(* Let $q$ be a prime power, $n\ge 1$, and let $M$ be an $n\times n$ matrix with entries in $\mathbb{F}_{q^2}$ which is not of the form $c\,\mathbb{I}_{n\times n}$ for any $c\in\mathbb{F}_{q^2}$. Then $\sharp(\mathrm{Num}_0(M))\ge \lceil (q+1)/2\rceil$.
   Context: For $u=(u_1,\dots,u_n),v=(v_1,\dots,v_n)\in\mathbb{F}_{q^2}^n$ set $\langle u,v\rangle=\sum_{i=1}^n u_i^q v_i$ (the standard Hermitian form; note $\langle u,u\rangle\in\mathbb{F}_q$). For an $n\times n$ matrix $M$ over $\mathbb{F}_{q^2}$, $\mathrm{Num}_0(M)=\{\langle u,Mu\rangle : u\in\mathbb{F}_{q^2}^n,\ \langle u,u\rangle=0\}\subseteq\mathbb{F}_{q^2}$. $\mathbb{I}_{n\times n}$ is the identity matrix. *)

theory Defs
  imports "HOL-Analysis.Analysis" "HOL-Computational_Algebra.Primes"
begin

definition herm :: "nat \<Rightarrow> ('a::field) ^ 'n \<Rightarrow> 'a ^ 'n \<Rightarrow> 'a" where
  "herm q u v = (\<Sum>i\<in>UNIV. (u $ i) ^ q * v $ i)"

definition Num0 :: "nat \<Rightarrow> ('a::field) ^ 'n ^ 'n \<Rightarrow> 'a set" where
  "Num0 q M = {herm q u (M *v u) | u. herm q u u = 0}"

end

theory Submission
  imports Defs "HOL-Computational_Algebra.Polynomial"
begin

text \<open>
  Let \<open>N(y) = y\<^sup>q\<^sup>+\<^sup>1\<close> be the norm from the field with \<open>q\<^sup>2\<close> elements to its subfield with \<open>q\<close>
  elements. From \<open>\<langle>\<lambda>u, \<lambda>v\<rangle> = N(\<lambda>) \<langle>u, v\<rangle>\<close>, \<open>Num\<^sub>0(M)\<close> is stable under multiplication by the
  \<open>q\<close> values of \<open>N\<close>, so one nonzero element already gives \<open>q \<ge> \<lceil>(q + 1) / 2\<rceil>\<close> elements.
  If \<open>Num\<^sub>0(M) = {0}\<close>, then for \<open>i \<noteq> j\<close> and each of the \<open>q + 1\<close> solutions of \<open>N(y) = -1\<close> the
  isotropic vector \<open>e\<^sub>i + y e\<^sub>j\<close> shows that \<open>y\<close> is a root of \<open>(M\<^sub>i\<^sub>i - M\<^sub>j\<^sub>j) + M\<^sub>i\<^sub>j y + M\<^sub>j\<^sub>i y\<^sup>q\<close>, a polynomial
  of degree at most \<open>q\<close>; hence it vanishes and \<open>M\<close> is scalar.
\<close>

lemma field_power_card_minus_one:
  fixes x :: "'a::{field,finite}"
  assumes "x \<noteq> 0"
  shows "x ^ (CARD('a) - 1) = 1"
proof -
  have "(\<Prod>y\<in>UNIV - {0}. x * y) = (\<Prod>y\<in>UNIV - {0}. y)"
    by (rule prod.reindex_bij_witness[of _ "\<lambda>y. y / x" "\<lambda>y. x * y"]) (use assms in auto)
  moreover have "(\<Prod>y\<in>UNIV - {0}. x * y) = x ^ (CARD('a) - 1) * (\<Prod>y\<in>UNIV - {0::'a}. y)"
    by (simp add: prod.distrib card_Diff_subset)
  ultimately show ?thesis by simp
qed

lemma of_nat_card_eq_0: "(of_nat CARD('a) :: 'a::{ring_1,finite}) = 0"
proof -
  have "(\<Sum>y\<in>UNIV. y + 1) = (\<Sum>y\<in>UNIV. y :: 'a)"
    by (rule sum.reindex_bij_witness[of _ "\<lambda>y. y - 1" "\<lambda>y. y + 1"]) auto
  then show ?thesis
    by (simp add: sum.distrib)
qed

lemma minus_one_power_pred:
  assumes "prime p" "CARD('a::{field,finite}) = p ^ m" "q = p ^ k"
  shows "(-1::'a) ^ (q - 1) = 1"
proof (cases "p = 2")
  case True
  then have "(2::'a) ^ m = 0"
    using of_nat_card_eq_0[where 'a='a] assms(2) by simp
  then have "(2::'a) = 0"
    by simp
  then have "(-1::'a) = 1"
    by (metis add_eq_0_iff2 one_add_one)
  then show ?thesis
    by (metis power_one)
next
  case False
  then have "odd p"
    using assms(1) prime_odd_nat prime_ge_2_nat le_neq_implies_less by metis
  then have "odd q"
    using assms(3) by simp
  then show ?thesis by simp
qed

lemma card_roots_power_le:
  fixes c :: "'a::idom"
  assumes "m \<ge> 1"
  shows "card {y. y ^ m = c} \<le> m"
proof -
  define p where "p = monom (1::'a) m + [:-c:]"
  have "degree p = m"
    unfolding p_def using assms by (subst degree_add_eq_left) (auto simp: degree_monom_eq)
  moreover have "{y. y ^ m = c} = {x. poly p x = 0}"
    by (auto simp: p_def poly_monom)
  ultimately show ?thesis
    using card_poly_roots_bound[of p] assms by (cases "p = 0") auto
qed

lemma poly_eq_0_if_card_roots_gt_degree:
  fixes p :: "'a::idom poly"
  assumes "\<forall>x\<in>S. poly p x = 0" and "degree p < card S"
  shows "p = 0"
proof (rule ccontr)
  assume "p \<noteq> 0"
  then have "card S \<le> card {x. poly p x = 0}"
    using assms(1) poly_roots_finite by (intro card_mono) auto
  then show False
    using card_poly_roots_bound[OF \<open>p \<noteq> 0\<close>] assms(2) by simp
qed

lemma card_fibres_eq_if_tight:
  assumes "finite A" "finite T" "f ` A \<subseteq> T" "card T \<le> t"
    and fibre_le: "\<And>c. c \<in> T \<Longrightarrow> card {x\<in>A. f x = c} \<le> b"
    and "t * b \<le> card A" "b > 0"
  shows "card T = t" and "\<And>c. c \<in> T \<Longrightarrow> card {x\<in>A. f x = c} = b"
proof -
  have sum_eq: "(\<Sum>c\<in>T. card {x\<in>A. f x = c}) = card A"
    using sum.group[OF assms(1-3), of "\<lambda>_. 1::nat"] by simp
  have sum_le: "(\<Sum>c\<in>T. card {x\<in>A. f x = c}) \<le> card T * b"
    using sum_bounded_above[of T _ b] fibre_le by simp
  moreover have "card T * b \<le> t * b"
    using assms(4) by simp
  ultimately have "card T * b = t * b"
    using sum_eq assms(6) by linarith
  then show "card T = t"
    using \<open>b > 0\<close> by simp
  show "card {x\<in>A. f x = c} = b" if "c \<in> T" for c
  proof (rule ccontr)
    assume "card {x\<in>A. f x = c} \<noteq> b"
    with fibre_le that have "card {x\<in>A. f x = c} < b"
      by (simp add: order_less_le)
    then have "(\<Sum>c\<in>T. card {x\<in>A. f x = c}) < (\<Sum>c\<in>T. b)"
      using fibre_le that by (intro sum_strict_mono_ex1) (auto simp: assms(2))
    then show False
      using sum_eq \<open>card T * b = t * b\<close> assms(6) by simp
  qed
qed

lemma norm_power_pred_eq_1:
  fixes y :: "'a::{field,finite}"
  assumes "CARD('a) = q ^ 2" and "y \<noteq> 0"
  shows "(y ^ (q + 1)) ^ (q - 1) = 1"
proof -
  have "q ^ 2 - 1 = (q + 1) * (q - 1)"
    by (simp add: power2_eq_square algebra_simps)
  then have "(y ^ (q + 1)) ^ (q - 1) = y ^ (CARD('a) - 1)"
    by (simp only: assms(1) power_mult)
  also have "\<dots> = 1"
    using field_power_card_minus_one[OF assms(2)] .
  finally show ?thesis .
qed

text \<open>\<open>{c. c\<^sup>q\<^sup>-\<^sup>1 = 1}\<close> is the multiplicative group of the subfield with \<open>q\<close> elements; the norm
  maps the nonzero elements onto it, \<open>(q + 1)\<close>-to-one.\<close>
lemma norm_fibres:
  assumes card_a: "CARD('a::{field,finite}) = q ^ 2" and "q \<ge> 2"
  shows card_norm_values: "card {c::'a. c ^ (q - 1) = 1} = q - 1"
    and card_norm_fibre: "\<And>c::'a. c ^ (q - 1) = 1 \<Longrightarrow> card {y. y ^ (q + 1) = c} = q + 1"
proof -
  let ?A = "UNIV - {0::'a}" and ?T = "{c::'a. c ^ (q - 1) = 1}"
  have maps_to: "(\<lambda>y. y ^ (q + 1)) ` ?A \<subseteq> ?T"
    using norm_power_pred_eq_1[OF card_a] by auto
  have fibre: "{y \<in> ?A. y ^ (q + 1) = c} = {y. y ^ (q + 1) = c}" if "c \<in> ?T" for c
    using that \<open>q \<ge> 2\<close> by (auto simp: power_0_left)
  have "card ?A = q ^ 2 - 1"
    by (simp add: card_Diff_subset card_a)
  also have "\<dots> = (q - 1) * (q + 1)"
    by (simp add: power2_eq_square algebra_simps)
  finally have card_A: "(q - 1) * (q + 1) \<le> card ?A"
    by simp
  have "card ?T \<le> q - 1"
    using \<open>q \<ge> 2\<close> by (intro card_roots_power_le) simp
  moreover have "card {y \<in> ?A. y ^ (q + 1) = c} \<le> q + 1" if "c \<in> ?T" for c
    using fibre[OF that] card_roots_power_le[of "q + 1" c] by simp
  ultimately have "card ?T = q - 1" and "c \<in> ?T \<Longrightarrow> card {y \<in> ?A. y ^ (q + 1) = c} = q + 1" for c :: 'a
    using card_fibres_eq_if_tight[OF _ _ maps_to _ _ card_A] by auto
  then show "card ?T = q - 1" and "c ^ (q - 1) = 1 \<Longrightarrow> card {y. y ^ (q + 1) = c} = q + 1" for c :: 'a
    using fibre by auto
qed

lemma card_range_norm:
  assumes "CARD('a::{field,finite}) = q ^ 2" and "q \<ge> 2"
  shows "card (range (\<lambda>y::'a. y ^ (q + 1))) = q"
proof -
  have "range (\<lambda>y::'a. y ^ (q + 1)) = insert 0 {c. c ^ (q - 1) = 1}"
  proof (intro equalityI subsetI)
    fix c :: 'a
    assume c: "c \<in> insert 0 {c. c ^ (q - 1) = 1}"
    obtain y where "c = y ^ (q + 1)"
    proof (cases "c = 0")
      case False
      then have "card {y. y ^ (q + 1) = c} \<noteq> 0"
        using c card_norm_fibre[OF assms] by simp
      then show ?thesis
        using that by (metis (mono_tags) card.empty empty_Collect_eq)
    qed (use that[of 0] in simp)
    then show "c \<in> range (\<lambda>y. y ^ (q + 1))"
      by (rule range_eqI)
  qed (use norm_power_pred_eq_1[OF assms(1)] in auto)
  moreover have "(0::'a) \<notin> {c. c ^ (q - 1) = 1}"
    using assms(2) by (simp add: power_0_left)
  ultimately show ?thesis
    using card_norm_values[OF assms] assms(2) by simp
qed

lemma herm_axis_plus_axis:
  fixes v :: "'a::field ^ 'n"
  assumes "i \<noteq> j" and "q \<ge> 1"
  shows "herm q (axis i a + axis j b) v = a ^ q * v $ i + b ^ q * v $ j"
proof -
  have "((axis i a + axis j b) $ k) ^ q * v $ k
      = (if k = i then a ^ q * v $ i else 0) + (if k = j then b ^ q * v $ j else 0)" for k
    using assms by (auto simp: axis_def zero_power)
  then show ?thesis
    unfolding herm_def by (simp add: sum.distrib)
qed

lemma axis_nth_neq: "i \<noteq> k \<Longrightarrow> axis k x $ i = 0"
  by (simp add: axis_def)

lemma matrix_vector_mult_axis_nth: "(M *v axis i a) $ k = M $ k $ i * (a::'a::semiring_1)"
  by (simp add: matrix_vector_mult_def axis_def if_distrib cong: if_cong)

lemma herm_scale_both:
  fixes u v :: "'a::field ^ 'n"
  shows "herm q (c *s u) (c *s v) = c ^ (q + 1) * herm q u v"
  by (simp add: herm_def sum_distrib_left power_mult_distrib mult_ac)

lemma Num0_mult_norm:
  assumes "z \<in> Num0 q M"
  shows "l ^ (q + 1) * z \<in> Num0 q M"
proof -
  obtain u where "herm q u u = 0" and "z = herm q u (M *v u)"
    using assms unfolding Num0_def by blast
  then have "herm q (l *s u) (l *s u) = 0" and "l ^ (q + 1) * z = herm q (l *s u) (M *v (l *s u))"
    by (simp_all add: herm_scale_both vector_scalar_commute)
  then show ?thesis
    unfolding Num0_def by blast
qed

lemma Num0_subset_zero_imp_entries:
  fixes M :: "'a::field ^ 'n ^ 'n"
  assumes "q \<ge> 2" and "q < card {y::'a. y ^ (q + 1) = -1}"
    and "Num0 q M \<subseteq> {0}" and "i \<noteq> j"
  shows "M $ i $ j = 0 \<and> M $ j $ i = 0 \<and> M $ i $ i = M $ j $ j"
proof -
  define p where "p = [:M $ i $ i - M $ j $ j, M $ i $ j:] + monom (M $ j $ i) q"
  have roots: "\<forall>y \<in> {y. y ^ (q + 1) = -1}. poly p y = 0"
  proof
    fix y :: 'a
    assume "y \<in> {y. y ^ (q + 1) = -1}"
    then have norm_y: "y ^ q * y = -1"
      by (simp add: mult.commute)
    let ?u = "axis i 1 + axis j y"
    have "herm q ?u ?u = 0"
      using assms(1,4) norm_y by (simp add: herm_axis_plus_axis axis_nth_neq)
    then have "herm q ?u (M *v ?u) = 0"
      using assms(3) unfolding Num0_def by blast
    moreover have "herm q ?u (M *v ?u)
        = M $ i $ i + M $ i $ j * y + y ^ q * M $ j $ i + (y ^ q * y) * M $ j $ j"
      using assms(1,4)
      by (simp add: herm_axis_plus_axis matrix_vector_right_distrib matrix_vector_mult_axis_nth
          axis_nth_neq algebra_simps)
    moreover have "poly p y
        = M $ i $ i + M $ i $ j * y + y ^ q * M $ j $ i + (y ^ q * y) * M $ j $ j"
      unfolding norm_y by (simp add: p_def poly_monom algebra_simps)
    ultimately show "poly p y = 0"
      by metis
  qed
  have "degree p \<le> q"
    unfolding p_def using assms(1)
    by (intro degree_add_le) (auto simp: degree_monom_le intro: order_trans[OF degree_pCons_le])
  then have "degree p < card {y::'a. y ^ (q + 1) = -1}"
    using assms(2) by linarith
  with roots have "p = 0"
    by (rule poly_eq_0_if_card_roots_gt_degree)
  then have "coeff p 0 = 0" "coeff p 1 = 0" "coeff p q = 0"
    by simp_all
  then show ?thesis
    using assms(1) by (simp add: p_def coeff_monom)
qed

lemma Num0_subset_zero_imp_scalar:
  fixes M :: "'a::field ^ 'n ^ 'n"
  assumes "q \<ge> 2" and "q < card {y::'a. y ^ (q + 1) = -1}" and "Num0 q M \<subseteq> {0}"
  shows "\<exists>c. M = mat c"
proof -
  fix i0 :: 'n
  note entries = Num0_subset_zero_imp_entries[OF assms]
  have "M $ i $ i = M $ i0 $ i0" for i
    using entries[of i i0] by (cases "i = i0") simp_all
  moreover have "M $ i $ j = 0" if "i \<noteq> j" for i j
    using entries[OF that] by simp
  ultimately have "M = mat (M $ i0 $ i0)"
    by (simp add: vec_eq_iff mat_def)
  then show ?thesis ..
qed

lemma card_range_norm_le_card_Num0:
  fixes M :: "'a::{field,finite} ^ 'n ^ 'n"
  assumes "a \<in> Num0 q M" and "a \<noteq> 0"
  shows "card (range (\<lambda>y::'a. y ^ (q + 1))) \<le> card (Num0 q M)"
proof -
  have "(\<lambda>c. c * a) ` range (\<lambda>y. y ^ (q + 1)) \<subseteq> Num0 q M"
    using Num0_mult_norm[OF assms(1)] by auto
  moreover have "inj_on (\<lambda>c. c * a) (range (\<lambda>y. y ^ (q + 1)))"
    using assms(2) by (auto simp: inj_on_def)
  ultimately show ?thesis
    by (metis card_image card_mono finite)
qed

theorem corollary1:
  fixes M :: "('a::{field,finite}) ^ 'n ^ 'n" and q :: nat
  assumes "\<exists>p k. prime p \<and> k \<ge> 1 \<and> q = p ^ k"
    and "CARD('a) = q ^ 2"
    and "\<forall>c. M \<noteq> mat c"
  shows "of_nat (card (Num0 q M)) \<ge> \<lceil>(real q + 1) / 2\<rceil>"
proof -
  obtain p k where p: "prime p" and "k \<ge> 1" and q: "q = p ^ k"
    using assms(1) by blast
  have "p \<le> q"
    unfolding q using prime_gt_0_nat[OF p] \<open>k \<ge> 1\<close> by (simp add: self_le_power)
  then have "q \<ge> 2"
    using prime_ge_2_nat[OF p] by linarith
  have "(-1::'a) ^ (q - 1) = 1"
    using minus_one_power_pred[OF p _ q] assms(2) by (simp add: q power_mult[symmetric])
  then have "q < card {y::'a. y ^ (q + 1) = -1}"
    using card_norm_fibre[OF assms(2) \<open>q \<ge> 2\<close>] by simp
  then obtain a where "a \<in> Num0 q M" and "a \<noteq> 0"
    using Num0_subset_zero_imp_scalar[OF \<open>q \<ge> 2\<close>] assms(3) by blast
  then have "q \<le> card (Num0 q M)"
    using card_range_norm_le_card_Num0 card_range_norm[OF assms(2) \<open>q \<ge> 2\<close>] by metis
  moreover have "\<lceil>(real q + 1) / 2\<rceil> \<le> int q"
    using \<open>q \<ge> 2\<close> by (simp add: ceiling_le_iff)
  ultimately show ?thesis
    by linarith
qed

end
────────────────
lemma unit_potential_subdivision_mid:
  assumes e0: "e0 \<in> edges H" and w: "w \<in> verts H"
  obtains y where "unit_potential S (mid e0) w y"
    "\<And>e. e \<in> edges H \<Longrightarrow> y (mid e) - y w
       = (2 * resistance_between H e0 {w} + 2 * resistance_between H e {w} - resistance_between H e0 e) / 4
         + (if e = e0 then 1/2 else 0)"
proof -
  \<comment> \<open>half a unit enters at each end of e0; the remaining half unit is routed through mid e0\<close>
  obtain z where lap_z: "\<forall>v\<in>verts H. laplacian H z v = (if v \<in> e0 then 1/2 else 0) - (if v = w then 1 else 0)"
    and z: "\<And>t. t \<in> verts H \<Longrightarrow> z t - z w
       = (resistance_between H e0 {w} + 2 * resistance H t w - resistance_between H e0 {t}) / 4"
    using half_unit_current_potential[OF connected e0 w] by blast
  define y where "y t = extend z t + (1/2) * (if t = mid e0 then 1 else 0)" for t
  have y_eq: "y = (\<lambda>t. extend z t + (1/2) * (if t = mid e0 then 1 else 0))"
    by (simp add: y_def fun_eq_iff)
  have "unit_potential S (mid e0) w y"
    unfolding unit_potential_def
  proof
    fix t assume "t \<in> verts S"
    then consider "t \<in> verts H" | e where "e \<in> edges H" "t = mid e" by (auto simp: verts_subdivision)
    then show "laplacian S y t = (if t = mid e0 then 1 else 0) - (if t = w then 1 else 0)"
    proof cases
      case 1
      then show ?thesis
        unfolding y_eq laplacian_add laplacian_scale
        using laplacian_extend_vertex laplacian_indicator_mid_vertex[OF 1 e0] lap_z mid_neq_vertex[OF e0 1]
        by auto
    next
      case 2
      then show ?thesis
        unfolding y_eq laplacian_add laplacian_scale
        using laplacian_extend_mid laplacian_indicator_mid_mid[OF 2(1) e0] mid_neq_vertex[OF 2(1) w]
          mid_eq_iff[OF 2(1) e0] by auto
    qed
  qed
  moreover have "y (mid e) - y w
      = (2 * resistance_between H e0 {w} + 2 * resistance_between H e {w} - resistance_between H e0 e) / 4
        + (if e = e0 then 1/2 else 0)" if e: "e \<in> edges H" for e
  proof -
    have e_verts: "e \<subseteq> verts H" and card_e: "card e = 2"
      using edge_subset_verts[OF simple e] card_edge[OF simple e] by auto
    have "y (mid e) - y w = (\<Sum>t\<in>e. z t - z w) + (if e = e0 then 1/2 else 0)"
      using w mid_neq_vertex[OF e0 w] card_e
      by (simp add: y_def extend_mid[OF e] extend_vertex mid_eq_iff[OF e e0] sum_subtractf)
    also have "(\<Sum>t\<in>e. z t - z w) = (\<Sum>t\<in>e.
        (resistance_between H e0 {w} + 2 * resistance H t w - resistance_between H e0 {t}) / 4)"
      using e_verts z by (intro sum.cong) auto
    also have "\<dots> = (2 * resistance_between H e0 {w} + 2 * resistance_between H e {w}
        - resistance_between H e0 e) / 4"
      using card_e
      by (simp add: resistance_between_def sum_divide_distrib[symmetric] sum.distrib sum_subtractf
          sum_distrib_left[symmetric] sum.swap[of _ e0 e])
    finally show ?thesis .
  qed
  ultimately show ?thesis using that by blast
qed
────────────────
[The problem] Go back to the listing above. Copy word for word the lines from the one with "(* Let $q$ be" through the one with "Let \<open>N(y) = y\<^sup>q\<^sup>+\<^sup>1\<close>", and nothing more.

[Result for this task]
(* Let $q$ be a prime power, $n\ge 1$, and let $M$ be an $n\times n$ matrix with entries in $\mathbb{F}_{q^2}$ which is not of the form $c\,\mathbb{I}_{n\times n}$ for any $c\in\mathbb{F}_{q^2}$. Then $\sharp(\mathrm{Num}_0(M))\ge \lceil (q+1)/2\rceil$.
   Context: For $u=(u_1,\dots,u_n),v=(v_1,\dots,v_n)\in\mathbb{F}_{q^2}^n$ set $\langle u,v\rangle=\sum_{i=1}^n u_i^q v_i$ (the standard Hermitian form; note $\langle u,u\rangle\in\mathbb{F}_q$). For an $n\times n$ matrix $M$ over $\mathbb{F}_{q^2}$, $\mathrm{Num}_0(M)=\{\langle u,Mu\rangle : u\in\mathbb{F}_{q^2}^n,\ \langle u,u\rangle=0\}\subseteq\mathbb{F}_{q^2}$. $\mathbb{I}_{n\times n}$ is the identity matrix. *)

theory Defs
  imports "HOL-Analysis.Analysis" "HOL-Computational_Algebra.Primes"
begin

definition herm :: "nat \<Rightarrow> ('a::field) ^ 'n \<Rightarrow> 'a ^ 'n \<Rightarrow> 'a" where
  "herm q u v = (\<Sum>i\<in>UNIV. (u $ i) ^ q * v $ i)"

definition Num0 :: "nat \<Rightarrow> ('a::field) ^ 'n ^ 'n \<Rightarrow> 'a set" where
  "Num0 q M = {herm q u (M *v u) | u. herm q u u = 0}"

end

theory Submission
  imports Defs "HOL-Computational_Algebra.Polynomial"
begin

text \<open>
  Let \<open>N(y) = y\<^sup>q\<^sup>+\<^sup>1\<close> be the norm from the field with \<open>q\<^sup>2\<close> elements to its subfield with \<open>q\<close>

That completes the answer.